Received-SPF: pass (google.com: best guess record for domain of linux-kernel-owner@vger.kernel.org designates 209.132.180.67 as permitted sender) client-ip=209.132.180.67;
From:   Thomas Gleixner <tglx@linutronix.de>
To:     Tim Chen <tim.c.chen@linux.intel.com>,
        Joel Fernandes <joel@joelfernandes.org>,
        Julien Desfossez <jdesfossez@digitalocean.com>,
        Peter Zijlstra <peterz@infradead.org>
Cc:     Vineeth Remanan Pillai <vpillai@digitalocean.com>,
        Aubrey Li <aubrey.intel@gmail.com>,
        Nishanth Aravamudan <naravamudan@digitalocean.com>,
        Ingo Molnar <mingo@kernel.org>, Paul Turner <pjt@google.com>,
        Linus Torvalds <torvalds@linux-foundation.org>,
        Linux List Kernel Mailing <linux-kernel@vger.kernel.org>,
        Dario Faggioli <dfaggioli@suse.com>,
        =?utf-8?B?RnLDqWTDqXJpYw==?= Weisbecker <fweisbec@gmail.com>,
        Kees Cook <keescook@chromium.org>,
        Greg Kerr <kerrnel@google.com>, Phil Auld <pauld@redhat.com>,
        Aaron Lu <aaron.lwe@gmail.com>,
        Valentin Schneider <valentin.schneider@arm.com>,
        Mel Gorman <mgorman@techsingularity.net>,
        Pawan Gupta <pawan.kumar.gupta@linux.intel.com>,
        Paolo Bonzini <pbonzini@redhat.com>,
        "Luck\, Tony" <tony.luck@intel.com>
Subject: Re: [RFC PATCH v4 00/19] Core scheduling v4
In-Reply-To: <ee268494-c35e-422f-1aaf-baab12191c38@linux.intel.com>
References: <3c3c56c1-b8dc-652c-535e-74f6dcf45560@linux.intel.com> <CANaguZAz+mw1Oi8ecZt+JuCWbf=g5UvKrdSvAeM82Z1c+9oWAw@mail.gmail.com> <e322a252-f983-e3f3-f823-16d0c16b2867@linux.intel.com> <20200212230705.GA25315@sinkpad> <29d43466-1e18-6b42-d4d0-20ccde20ff07@linux.intel.com> <CAERHkruG4y8si9FrBp7cZNEdfP7EzxbmYwvdF2EvHLf=mU1mgg@mail.gmail.com> <CANaguZC40mDHfL1H_9AA7H8cyd028t9PQVRqQ3kB4ha8R7hhqg@mail.gmail.com> <CAERHkruPUrOzDjEp1FV3KY20p9CxLAVzKrZNe5QXsCFZdGskzA@mail.gmail.com> <CANaguZBj_x_2+9KwbHCQScsmraC_mHdQB6uRqMTYMmvhBYfv2Q@mail.gmail.com> <20200221232057.GA19671@sinkpad> <20200317005521.GA8244@google.com> <ee268494-c35e-422f-1aaf-baab12191c38@linux.intel.com>
Date:   Tue, 17 Mar 2020 22:17:47 +0100
Message-ID: <87imj2bs04.fsf@nanos.tec.linutronix.de>
MIME-Version: 1.0
Content-Type: text/plain
Sender: linux-kernel-owner@vger.kernel.org
Precedence: bulk

Tim,

Tim Chen <tim.c.chen@linux.intel.com> writes:
>> However, I have the following questions, in particular there are 4 scenarios
>> where I feel the current patches do not resolve MDS/L1TF, would you guys
>> please share your thoughts?
>> 
>> 1. HT1 is running either hostile guest or host code.
>>    HT2 is running an interrupt handler (victim).
>> 
>>    In this case I see there is a possible MDS issue between HT1 and HT2.
>
> Core scheduling mitigates the userspace to userspace attacks via MDS between the HT.
> It does not prevent the userspace to kernel space attack.  That will
> have to be mitigated via other means, e.g. redirecting interrupts to a core
> that don't run potentially unsafe code.

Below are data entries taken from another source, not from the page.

lemma delta0_B_in_Z_spp:
  assumes "joins_ends P"
  shows "(delta0_B (NT P) :: _ \<Rightarrow> 'k::field) \<in> Z_spp TYPE('k) n E s t Z"
  unfolding Z_spp_def
proof (intro CollectI conjI allI impI)
  fix x assume "(delta0_B (NT P) :: _ \<Rightarrow> 'k) x \<noteq> 0"
  then have "x \<in> {(\<alpha>, q). special_pair n E s t Z \<alpha> q \<and> pstar n q = q}"
    using support_delta0_B_special_pairs[OF assms, where 'k = 'k] by (auto simp: support_def)
  then show "\<exists>\<alpha> p. special_pair n E s t Z \<alpha> p \<and> x = (\<alpha>, pstar n p)" by force
qed (rule delta1_delta0_B_eq_0[OF assms])

lemma special_path_delta0_B:
  assumes "special_path TYPE('k::field) n E s t Z p"
  shows "(delta0_B p :: _ \<Rightarrow> 'k) \<in> Z_spp TYPE('k) n E s t Z"
    and "support (delta0_B p :: _ \<Rightarrow> 'k) \<noteq> {}"
    and "support (delta0_B p :: _ \<Rightarrow> 'k) \<subseteq> {(\<alpha>, q). special_pair n E s t Z \<alpha> q}"
proof -
  obtain P where P: "p = NT P" "joins_ends P"
    using special_path_joins_ends[OF assms] .
  show "(delta0_B p :: _ \<Rightarrow> 'k) \<in> Z_spp TYPE('k) n E s t Z"
    using delta0_B_in_Z_spp[OF P(2)] P(1) by simp
  show "support (delta0_B p :: _ \<Rightarrow> 'k) \<noteq> {}"
    using assms by (auto simp: special_path_def support_def fun_eq_iff)
  show "support (delta0_B p :: _ \<Rightarrow> 'k) \<subseteq> {(\<alpha>, q). special_pair n E s t Z \<alpha> q}"
    using support_delta0_B_special_pairs[OF P(2)] P(1) by auto
qed

lemma special_paths_disjoint_supports:
  "disjoint_family_on (\<lambda>p. support (delta0_B p :: _ \<Rightarrow> 'k::field))
     {p. special_path TYPE('k) n E s t Z p}"
  unfolding disjoint_family_on_def
proof (intro ballI impI)
  fix p p' assume "p \<in> {p. special_path TYPE('k) n E s t Z p}" "p' \<in> {p. special_path TYPE('k) n E s t Z p}"
    and "p \<noteq> p'"
  then obtain P P' where paths: "p = NT P" "p' = NT P'"
    and ends: "joins_ends P" "joins_ends P'" "P \<noteq> P'"
    by (metis mem_Collect_eq special_path_joins_ends)
  from ends have "support (delta0_B (NT P) :: _ \<Rightarrow> 'k) \<inter> support (delta0_B (NT P') :: _ \<Rightarrow> 'k) = {}"
    by (rule support_delta0_B_disjoint)
  with paths show "support (delta0_B p :: _ \<Rightarrow> 'k) \<inter> support (delta0_B p' :: _ \<Rightarrow> 'k) = {}"
    by simp
qed

lemma support_subset_if_Z_spp:
  "f \<in> Z_spp TYPE('k::field) n E s t Z
    \<Longrightarrow> support f \<subseteq> (\<lambda>(\<alpha>, p). (\<alpha>, pstar n p)) ` {(\<alpha>, p). special_pair n E s t Z \<alpha> p}"
  by (force simp: Z_spp_def support_def)

end

theorem corollary3p23:
  fixes n :: nat and E :: "'a set" and s t :: "'a \<Rightarrow> nat"
    and Z :: "(nat, 'a) qpath set"
  assumes mono: "monomial_data {1..n} E s t Z"
    and distinct: "1 \<noteq> n" and n_vertex: "n \<ge> 1"
    and nonisolated1: "\<exists>a\<in>E. s a = 1 \<or> t a = 1"
    and nonisolatedn: "\<exists>a\<in>E. s a = n \<or> t a = n"
  shows "kspp TYPE('k::field) n E s t Z \<ge> sp TYPE('k) n E s t Z
       \<and> card {(\<alpha>, p). special_pair n E s t Z \<alpha> p} \<ge> sp TYPE('k) n E s t Z"
proof -
  interpret vertex_gluing n E s t Z
    using distinct mono by unfold_locales (auto simp: monomial_data_def)
  define SP where "SP = {(\<alpha>, p). special_pair n E s t Z \<alpha> p}"
  define Ps where "Ps = {p. special_path TYPE('k) n E s t Z p}"
  have "SP \<subseteq> E \<times> BA" by (auto simp: SP_def special_pair_def)
  then have "finite SP"
    using finite_arrows finite_basis_paths[OF mono] by (auto intro: finite_subset)
  have delta0_B: "(delta0_B p :: _ \<Rightarrow> 'k) \<in> Z_spp TYPE('k) n E s t Z"
    "support (delta0_B p :: _ \<Rightarrow> 'k) \<noteq> {}" "support (delta0_B p :: _ \<Rightarrow> 'k) \<subseteq> SP"
    if "p \<in> Ps" for p
  proof -
    have "special_path TYPE('k) n E s t Z p" using that by (simp add: Ps_def)
    from special_path_delta0_B[OF this] show "(delta0_B p :: _ \<Rightarrow> 'k) \<in> Z_spp TYPE('k) n E s t Z"
      "support (delta0_B p :: _ \<Rightarrow> 'k) \<noteq> {}" "support (delta0_B p :: _ \<Rightarrow> 'k) \<subseteq> SP"
      by (simp_all add: SP_def)
  qed
  have disjoint: "disjoint_family_on (\<lambda>p. support (delta0_B p :: _ \<Rightarrow> 'k)) Ps"
    unfolding Ps_def by (rule special_paths_disjoint_supports)
  have "card Ps \<le> kspp TYPE('k) n E s t Z"
    unfolding kspp_def
    by (rule card_le_dim_of_disjoint_supports[OF finite_imageI[OF \<open>finite SP\<close>]
          support_subset_if_Z_spp[folded SP_def] _ _ disjoint])
      (use delta0_B in auto)
  moreover have "card Ps \<le> card SP"
    by (rule card_le_card_of_disjoint_family[OF \<open>finite SP\<close> _ _ disjoint]) (use delta0_B in auto)
  ultimately show ?thesis by (simp add: sp_def Ps_def SP_def)
qed

end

Which is in some cases simply impossible. Think multiqueue devices with
managed interrupts. You can't change the affinity of those. Neither can
you do that for the per cpu timer interrupt.

>> 2. HT1 is executing hostile host code, and gets interrupted by a victim
>>    interrupt. HT2 is idle.
>
> Similar to above.

No. It's the same HT so not similar at all.

>>    In this case, I see there is a possible MDS issue between interrupt and
>>    the host code on the same HT1.
>
> The cpu buffers are cleared before return to the hostile host code.  So
> MDS shouldn't be an issue if interrupt handler and hostile code
> runs on the same HT thread.

OTOH, thats mostly correct. Aside of the shouldn't wording:

  MDS _is_ no issue in this case when the full mitigation is enabled.

Assumed that I have not less information about MDS than you have :)

>> 3. HT1 is executing hostile guest code, HT2 is executing a victim interrupt
>>    handler on the host.
>> 
>>    In this case, I see there is a possible L1TF issue between HT1 and HT2.
>>    This issue does not happen if HT1 is running host code, since the host
>>    kernel takes care of inverting PTE bits.
>
> The interrupt handler will be run with PTE inverted.  So I don't think
> there's a leak via L1TF in this scenario.

How so?

Host memory is attackable, when one of the sibling SMT threads runs in
host OS (hypervisor) context and the other in guest context.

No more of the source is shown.